Brief: How many of the lines below contain "assumes"? Reply with only that figure.

(Collected data entries)
=== Begin Enclosure ===
(* In the setting of error-feedback sparsification below, with $O_k\in(0,1)$, define $m_k^{t+1}=m_{B,k}^{t+1}m_{A,k}^{t+1}\in\mathbb{R}^{d\times\ell}$. Then for every $t\ge0$, $$\mathbb{E}\left[\left\|m_k^{t+1}\right\|_F\right] \leq \frac{2(1-O_k)}{O_k^2}\max_{0\leq i \leq t}\|\Delta\tilde{\theta}_k^i\|_F^2.$$
   Context: Setting: LoRA factors $\theta_B\in\mathbb{R}^{d\times r}$, $\theta_A\in\mathbb{R}^{r\times\ell}$. Let $q=r(d+\ell)$ and let $\mathcal{S}:\mathbb{R}^{q}\to\mathbb{R}^{q}$ be a (possibly random) sparsification operator keeping $u=O_kq$ nonzero entries ($0<u<q$) with $\mathbb{E}\|\mathcal{S}(x)-x\|_2^2\le(1-u/q)\|x\|_2^2$ for all $x$. Client $k$ has memories $m_{B,k}^t\in\mathbb{R}^{d\times r}$, $m_{A,k}^t\in\mathbb{R}^{r\times\ell}$ and concatenations $\tilde m_k^t=[m_{B,k}^{t\mathsf T}\ m_{A,k}^t]$, $\Delta\tilde\theta_k^t=[\Delta\theta_{B,k}^{t\mathsf T}\ \Delta\theta_{A,k}^t]$, $\tilde\theta_k^t=[\theta_{B,k}^{t\mathsf T}\ \theta_{A,k}^t]$ (identified with vectors in $\mathbb{R}^q$), where $\Delta\theta_{B,k}^t,\Delta\theta_{A,k}^t$ are the locally trained factors (trained with a near-orthogonality regularized loss), $\tilde\theta_k^t=\mathcal{S}(\tilde m_k^t+\Delta\tilde\theta_k^t)$, $\tilde m_k^{t+1}=\tilde m_k^t+\Delta\tilde\theta_k^t-\tilde\theta_k^t$, and $\tilde m_k^0=0$. Expectation is over the randomness of $\mathcal{S}$. *)

theory Defs
  imports "HOL-Probability.Probability"
begin

text \<open>Concatenated LoRA parameter space R^q, q = r(d+l): a vector indexed by
  'r \<times> ('d + 'l), i.e. the r \<times> (d+l) matrix [B^T  A].
  Entry (i, Inl j) is B(j,i) and entry (i, Inr j) is A(i,j).\<close>

definition concat_lora :: "real^'r::finite^'d::finite \<Rightarrow> real^'l::finite^'r \<Rightarrow> real^('r \<times> ('d + 'l))" where
  "concat_lora B A = (\<chi> p. case p of (i, Inl j) \<Rightarrow> B $ j $ i | (i, Inr j) \<Rightarrow> A $ i $ j)"

definition factor_B :: "real^('r::finite \<times> ('d::finite + 'l::finite)) \<Rightarrow> real^'r^'d" where
  "factor_B v = (\<chi> j i. v $ (i, Inl j))"

definition factor_A :: "real^('r::finite \<times> ('d::finite + 'l::finite)) \<Rightarrow> real^'l^'r" where
  "factor_A v = (\<chi> i j. v $ (i, Inr j))"

definition keeps_entries :: "nat \<Rightarrow> real^'n::finite \<Rightarrow> real^'n \<Rightarrow> bool" where
  "keeps_entries u x y \<longleftrightarrow> (\<exists>I. card I = u \<and> (\<forall>i. y $ i = (if i \<in> I then x $ i else 0)))"

fun ef_memory :: "(real^'n::finite \<Rightarrow> (real^'n) pmf) \<Rightarrow> (nat \<Rightarrow> real^'n) \<Rightarrow> nat \<Rightarrow> (real^'n) pmf" where
  "ef_memory S D 0 = return_pmf 0"
| "ef_memory S D (Suc t) =
     bind_pmf (ef_memory S D t) (\<lambda>m. map_pmf (\<lambda>s. m + D t - s) (S (m + D t)))"

end

theory Submission
  imports Defs
begin

text \<open>The Frobenius norm is submultiplicative, so by AM-GM the product of the two factors of
  a concatenated vector v has norm at most |v|^2/2 and it suffices to bound the second
  moment E_t of the memory. Contractivity of the sparsifier together with
  |m + D|^2 \<le> (1 + e)|m|^2 + (1 + 1/e)|D|^2 for e = \<delta>/(2(1 - \<delta>)) gives the linear recursion
  E_{t+1} \<le> (1 - \<delta>/2) E_t + (1 - \<delta>)(2 - \<delta>)/\<delta> M with M = max_i |D_i|^2, whose fixed point
  2(1 - \<delta>)(2 - \<delta>)M/\<delta>^2 bounds every E_t since E_0 = 0.\<close>

lemma norm_power2_vec: "(norm (x::'a::real_inner^'n::finite))\<^sup>2 = (\<Sum>i\<in>UNIV. (norm (x $ i))\<^sup>2)"
  by (simp add: power2_norm_eq_inner inner_vec_def)

lemma norm_matrix_matrix_mult_le:
  fixes B :: "real^'r::finite^'d::finite" and A :: "real^'l::finite^'r"
  shows "norm (B ** A) \<le> norm B * norm A"
proof -
  have "(norm (B ** A))\<^sup>2 = (\<Sum>j\<in>UNIV. \<Sum>k\<in>UNIV. (\<Sum>i\<in>UNIV. B $ j $ i * A $ i $ k)\<^sup>2)"
    by (simp add: norm_power2_vec matrix_matrix_mult_def)
  also have "\<dots> \<le> (\<Sum>j\<in>UNIV. \<Sum>k\<in>UNIV. (\<Sum>i\<in>UNIV. (B $ j $ i)\<^sup>2) * (\<Sum>i\<in>UNIV. (A $ i $ k)\<^sup>2))"
    by (intro sum_mono Cauchy_Schwarz_ineq_sum)
  also have "\<dots> = (\<Sum>j\<in>UNIV. \<Sum>i\<in>UNIV. (B $ j $ i)\<^sup>2) * (\<Sum>k\<in>UNIV. \<Sum>i\<in>UNIV. (A $ i $ k)\<^sup>2)"
    by (rule sum_product[symmetric])
  also have "(\<Sum>k\<in>UNIV. \<Sum>i\<in>UNIV. (A $ i $ k)\<^sup>2) = (\<Sum>i\<in>UNIV. \<Sum>k\<in>UNIV. (A $ i $ k)\<^sup>2)"
    by (rule sum.swap)
  finally have "(norm (B ** A))\<^sup>2 \<le> (norm B * norm A)\<^sup>2"
    by (simp add: norm_power2_vec power_mult_distrib)
  then show ?thesis
    by (rule power2_le_imp_le) simp
qed

lemma norm_factor_B_factor_A:
  fixes v :: "real^('r::finite \<times> ('d::finite + 'l::finite))"
  shows "(norm (factor_B v))\<^sup>2 + (norm (factor_A v))\<^sup>2 = (norm v)\<^sup>2"
proof -
  have row: "(\<Sum>s\<in>UNIV. (v $ (i, s))\<^sup>2) = (\<Sum>j\<in>UNIV. (v $ (i, Inl j))\<^sup>2) + (\<Sum>j\<in>UNIV. (v $ (i, Inr j))\<^sup>2)"
    for i
    using sum.Plus[of "UNIV :: 'd set" "UNIV :: 'l set" "\<lambda>s. (v $ (i, s))\<^sup>2"]
    by (simp add: UNIV_Plus_UNIV o_def)
  have "(norm v)\<^sup>2 = (\<Sum>i\<in>UNIV. \<Sum>s\<in>UNIV. (v $ (i, s))\<^sup>2)"
    by (simp add: norm_power2_vec sum.cartesian_product)
  also have "\<dots> = (\<Sum>i\<in>UNIV. \<Sum>j\<in>UNIV. (v $ (i, Inl j))\<^sup>2) + (\<Sum>i\<in>UNIV. \<Sum>j\<in>UNIV. (v $ (i, Inr j))\<^sup>2)"
    by (simp add: row sum.distrib)
  also have "(\<Sum>i\<in>UNIV. \<Sum>j\<in>UNIV. (v $ (i, Inl j))\<^sup>2) = (\<Sum>j\<in>UNIV. \<Sum>i\<in>UNIV. (v $ (i, Inl j))\<^sup>2)"
    by (rule sum.swap)
  finally show ?thesis
    by (simp add: norm_power2_vec factor_B_def factor_A_def)
qed

lemma norm_factor_product_le:
  fixes v :: "real^('r::finite \<times> ('d::finite + 'l::finite))"
  shows "norm (factor_B v ** factor_A v) \<le> (norm v)\<^sup>2 / 2"
proof -
  have "norm (factor_B v ** factor_A v) \<le> norm (factor_B v) * norm (factor_A v)"
    by (rule norm_matrix_matrix_mult_le)
  also have "\<dots> \<le> ((norm (factor_B v))\<^sup>2 + (norm (factor_A v))\<^sup>2) / 2"
    using sum_squares_bound[of "norm (factor_B v)" "norm (factor_A v)"] by simp
  finally show ?thesis
    by (simp add: norm_factor_B_factor_A)
qed

lemma finite_set_pmf_keeps_entries:
  assumes "\<And>y. y \<in> set_pmf p \<Longrightarrow> keeps_entries u (x::real^'n::finite) y"
  shows "finite (set_pmf p)"
proof (rule finite_subset)
  show "set_pmf p \<subseteq> range (\<lambda>I. \<chi> i. if i \<in> I then x $ i else 0)"
  proof
    fix y assume "y \<in> set_pmf p"
    then obtain I where "\<forall>i. y $ i = (if i \<in> I then x $ i else 0)"
      using assms unfolding keeps_entries_def by blast
    then have "y = (\<chi> i. if i \<in> I then x $ i else 0)"
      by (simp add: vec_eq_iff)
    then show "y \<in> range (\<lambda>I. \<chi> i. if i \<in> I then x $ i else 0)"
      by blast
  qed
qed simp

lemma finite_set_pmf_ef_memory:
  assumes "\<And>x. finite (set_pmf (S x))"
  shows "finite (set_pmf (ef_memory S D n))"
  by (induction n) (simp_all add: set_bind_pmf assms)

lemma expectation_bind_pmf_finite:
  fixes h :: "'b \<Rightarrow> 'c::{banach, second_countable_topology}"
  assumes "finite (set_pmf p)" and "\<And>x. x \<in> set_pmf p \<Longrightarrow> finite (set_pmf (N x))"
  shows "measure_pmf.expectation (bind_pmf p N) h
       = measure_pmf.expectation p (\<lambda>x. measure_pmf.expectation (N x) h)"
  using assms by (simp add: pmf_expectation_bind[of "set_pmf p"] integral_measure_pmf[of "set_pmf p"])

lemma norm_add_power2_le:
  fixes a b :: "'a::real_normed_vector" and e :: real
  assumes "0 < e"
  shows "(norm (a + b))\<^sup>2 \<le> (1 + e) * (norm a)\<^sup>2 + (1 + 1 / e) * (norm b)\<^sup>2"
proof -
  have "2 * norm a * norm b \<le> e * (norm a)\<^sup>2 + (norm b)\<^sup>2 / e"
  proof -
    have "0 \<le> (e * norm a - norm b)\<^sup>2 / e"
      using assms by simp
    also have "\<dots> = e * (norm a)\<^sup>2 - 2 * norm a * norm b + (norm b)\<^sup>2 / e"
      using assms by (simp add: power2_eq_square field_simps)
    finally show ?thesis by simp
  qed
  moreover have "(norm (a + b))\<^sup>2 \<le> (norm a + norm b)\<^sup>2"
    by (simp add: norm_triangle_ineq power_mono)
  ultimately show ?thesis
    by (simp add: power2_sum algebra_simps)
qed

lemma ef_memory_expectation_step:
  fixes S :: "real^'n::finite \<Rightarrow> (real^'n) pmf"
  assumes finite_S: "\<And>x. finite (set_pmf (S x))"
    and contr: "\<And>x. measure_pmf.expectation (S x) (\<lambda>y. (norm (y - x))\<^sup>2) \<le> (1 - \<delta>) * (norm x)\<^sup>2"
    and "\<delta> \<le> 1" and "0 < e"
  shows "measure_pmf.expectation (ef_memory S D (Suc n)) (\<lambda>m. (norm m)\<^sup>2)
       \<le> (1 - \<delta>) * (1 + e) * measure_pmf.expectation (ef_memory S D n) (\<lambda>m. (norm m)\<^sup>2)
         + (1 - \<delta>) * (1 + 1 / e) * (norm (D n))\<^sup>2"
proof -
  let ?p = "ef_memory S D n"
  have finite_p: "finite (set_pmf ?p)"
    using finite_S by (rule finite_set_pmf_ef_memory)
  have inner: "measure_pmf.expectation (map_pmf (\<lambda>s. m + D n - s) (S (m + D n))) (\<lambda>m. (norm m)\<^sup>2)
      \<le> (1 - \<delta>) * (1 + e) * (norm m)\<^sup>2 + (1 - \<delta>) * (1 + 1 / e) * (norm (D n))\<^sup>2" for m
  proof -
    have "measure_pmf.expectation (map_pmf (\<lambda>s. m + D n - s) (S (m + D n))) (\<lambda>m. (norm m)\<^sup>2)
        = measure_pmf.expectation (S (m + D n)) (\<lambda>y. (norm (y - (m + D n)))\<^sup>2)"
      by (simp add: norm_minus_commute)
    also have "\<dots> \<le> (1 - \<delta>) * (norm (m + D n))\<^sup>2"
      by (rule contr)
    also have "\<dots> \<le> (1 - \<delta>) * ((1 + e) * (norm m)\<^sup>2 + (1 + 1 / e) * (norm (D n))\<^sup>2)"
      using assms(3) norm_add_power2_le[OF \<open>0 < e\<close>] by (intro mult_left_mono) auto
    finally show ?thesis
      by (simp add: algebra_simps)
  qed
  have "measure_pmf.expectation (ef_memory S D (Suc n)) (\<lambda>m. (norm m)\<^sup>2)
      = measure_pmf.expectation ?p
          (\<lambda>m. measure_pmf.expectation (map_pmf (\<lambda>s. m + D n - s) (S (m + D n))) (\<lambda>m. (norm m)\<^sup>2))"
    using finite_p finite_S by (simp add: expectation_bind_pmf_finite)
  also have "\<dots> \<le> measure_pmf.expectation ?p
      (\<lambda>m. (1 - \<delta>) * (1 + e) * (norm m)\<^sup>2 + (1 - \<delta>) * (1 + 1 / e) * (norm (D n))\<^sup>2)"
    using finite_p by (intro integral_mono inner integrable_measure_pmf_finite)
  also have "\<dots> = (1 - \<delta>) * (1 + e) * measure_pmf.expectation ?p (\<lambda>m. (norm m)\<^sup>2)
      + (1 - \<delta>) * (1 + 1 / e) * (norm (D n))\<^sup>2"
    using finite_p by (simp add: integrable_measure_pmf_finite)
  finally show ?thesis .
qed

lemma linear_recursion_le_invariant:
  fixes x :: "nat \<Rightarrow> real"
  assumes "x 0 \<le> c" and "\<And>n. n < N \<Longrightarrow> x (Suc n) \<le> a * x n + b"
    and "0 \<le> a" and "a * c + b \<le> c"
  shows "x N \<le> c"
  using assms(2)
proof (induction N)
  case 0
  show ?case using assms(1) .
next
  case (Suc N)
  then have "x (Suc N) \<le> a * x N + b" and "x N \<le> c"
    by simp_all
  then show ?case
    using assms(3,4) mult_left_mono[of "x N" c a] by linarith
qed

lemma ef_memory_expectation_bound:
  fixes S :: "real^'n::finite \<Rightarrow> (real^'n) pmf"
  assumes finite_S: "\<And>x. finite (set_pmf (S x))"
    and contr: "\<And>x. measure_pmf.expectation (S x) (\<lambda>y. (norm (y - x))\<^sup>2) \<le> (1 - \<delta>) * (norm x)\<^sup>2"
    and \<delta>: "0 < \<delta>" "\<delta> < 1"
    and D_bound: "\<And>i. i < N \<Longrightarrow> (norm (D i))\<^sup>2 \<le> M" and "0 \<le> M"
  shows "measure_pmf.expectation (ef_memory S D N) (\<lambda>m. (norm m)\<^sup>2)
       \<le> 2 * (1 - \<delta>) * (2 - \<delta>) / \<delta>\<^sup>2 * M"
proof -
  let ?E = "\<lambda>n. measure_pmf.expectation (ef_memory S D n) (\<lambda>m. (norm m)\<^sup>2)"
  define e where "e = \<delta> / (2 * (1 - \<delta>))"
  have "0 < e"
    using \<delta> by (simp add: e_def)
  moreover have "(1 - \<delta>) * (1 + e) = 1 - \<delta> / 2" and "(1 - \<delta>) * (1 + 1 / e) = (1 - \<delta>) * (2 - \<delta>) / \<delta>"
    using \<delta> by (simp_all add: e_def field_simps)
  ultimately have step: "?E (Suc n) \<le> (1 - \<delta> / 2) * ?E n + (1 - \<delta>) * (2 - \<delta>) / \<delta> * (norm (D n))\<^sup>2" for n
    using ef_memory_expectation_step[OF finite_S contr, of e D n] \<delta> by simp
  show ?thesis
  proof (rule linear_recursion_le_invariant[where x = ?E])
    show "?E (Suc n) \<le> (1 - \<delta> / 2) * ?E n + (1 - \<delta>) * (2 - \<delta>) / \<delta> * M" if "n < N" for n
    proof -
      have "(1 - \<delta>) * (2 - \<delta>) / \<delta> * (norm (D n))\<^sup>2 \<le> (1 - \<delta>) * (2 - \<delta>) / \<delta> * M"
        using D_bound[OF that] \<delta> by (intro mult_left_mono) auto
      then show ?thesis
        using step[of n] by linarith
    qed
    show "(1 - \<delta> / 2) * (2 * (1 - \<delta>) * (2 - \<delta>) / \<delta>\<^sup>2 * M) + (1 - \<delta>) * (2 - \<delta>) / \<delta> * M
        \<le> 2 * (1 - \<delta>) * (2 - \<delta>) / \<delta>\<^sup>2 * M"
      using \<delta> by (simp add: power2_eq_square field_simps)
  qed (use \<delta> \<open>0 \<le> M\<close> in simp_all)
qed

theorem corollary1:
  fixes S :: "real^('r::finite \<times> ('d::finite + 'l::finite)) \<Rightarrow> (real^('r \<times> ('d + 'l))) pmf"
    and DB :: "nat \<Rightarrow> real^'r^'d"
    and DA :: "nat \<Rightarrow> real^'l^'r"
    and u :: nat and Ok :: real and t :: nat
  assumes u_pos: "0 < u"
    and u_lt: "u < CARD('r \<times> ('d + 'l))"
    and O_def: "Ok = real u / real CARD('r \<times> ('d + 'l))"
    and S_sparse: "\<And>x y. y \<in> set_pmf (S x) \<Longrightarrow> keeps_entries u x y"
    and S_contr: "\<And>x. measure_pmf.expectation (S x) (\<lambda>y. (norm (y - x))\<^sup>2)
                    \<le> (1 - real u / real CARD('r \<times> ('d + 'l))) * (norm x)\<^sup>2"
  shows "measure_pmf.expectation
           (ef_memory S (\<lambda>i. concat_lora (DB i) (DA i)) (Suc t))
           (\<lambda>m. norm (factor_B m ** factor_A m))
         \<le> 2 * (1 - Ok) / Ok\<^sup>2 *
           Max ((\<lambda>i. (norm (concat_lora (DB i) (DA i)))\<^sup>2) ` {0..t})"
proof -
  define D where "D = (\<lambda>i. concat_lora (DB i) (DA i))"
  define M where "M = Max ((\<lambda>i. (norm (D i))\<^sup>2) ` {0..t})"
  define p where "p = ef_memory S D (Suc t)"
  have "real u < real CARD('r \<times> ('d + 'l))"
    using u_lt by (simp only: of_nat_less_iff)
  then have Ok: "0 < Ok" "Ok < 1"
    using u_pos by (simp_all add: O_def)
  have finite_S: "finite (set_pmf (S x))" for x
    using S_sparse by (rule finite_set_pmf_keeps_entries)
  have D_bound: "(norm (D i))\<^sup>2 \<le> M" if "i < Suc t" for i
    unfolding M_def using that by (intro Max_ge) auto
  have "0 \<le> M"
    using D_bound[of 0] by (meson order_trans zero_le_power2 zero_less_Suc)
  have finite_p: "finite (set_pmf p)"
    unfolding p_def using finite_S by (rule finite_set_pmf_ef_memory)
  have "measure_pmf.expectation p (\<lambda>m. norm (factor_B m ** factor_A m))
      \<le> measure_pmf.expectation p (\<lambda>m. (norm m)\<^sup>2 / 2)"
    using finite_p by (intro integral_mono integrable_measure_pmf_finite norm_factor_product_le)
  also have "\<dots> = measure_pmf.expectation p (\<lambda>m. (norm m)\<^sup>2) / 2"
    by simp
  also have "\<dots> \<le> 2 * (1 - Ok) * (2 - Ok) / Ok\<^sup>2 * M / 2"
    unfolding p_def
    by (intro divide_right_mono ef_memory_expectation_bound[OF finite_S S_contr[folded O_def] Ok D_bound \<open>0 \<le> M\<close>]) simp_all
  also have "\<dots> = (1 - Ok) * (2 - Ok) * (M / Ok\<^sup>2)"
    using Ok by (simp add: field_simps)
  also have "\<dots> \<le> (1 - Ok) * 2 * (M / Ok\<^sup>2)"
    using Ok \<open>0 \<le> M\<close> by (intro mult_right_mono mult_left_mono) auto
  also have "\<dots> = 2 * (1 - Ok) / Ok\<^sup>2 * M"
    by simp
  finally show ?thesis
    by (simp add: p_def D_def M_def)
qed

end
=== End Enclosure ===
Problem solution: 8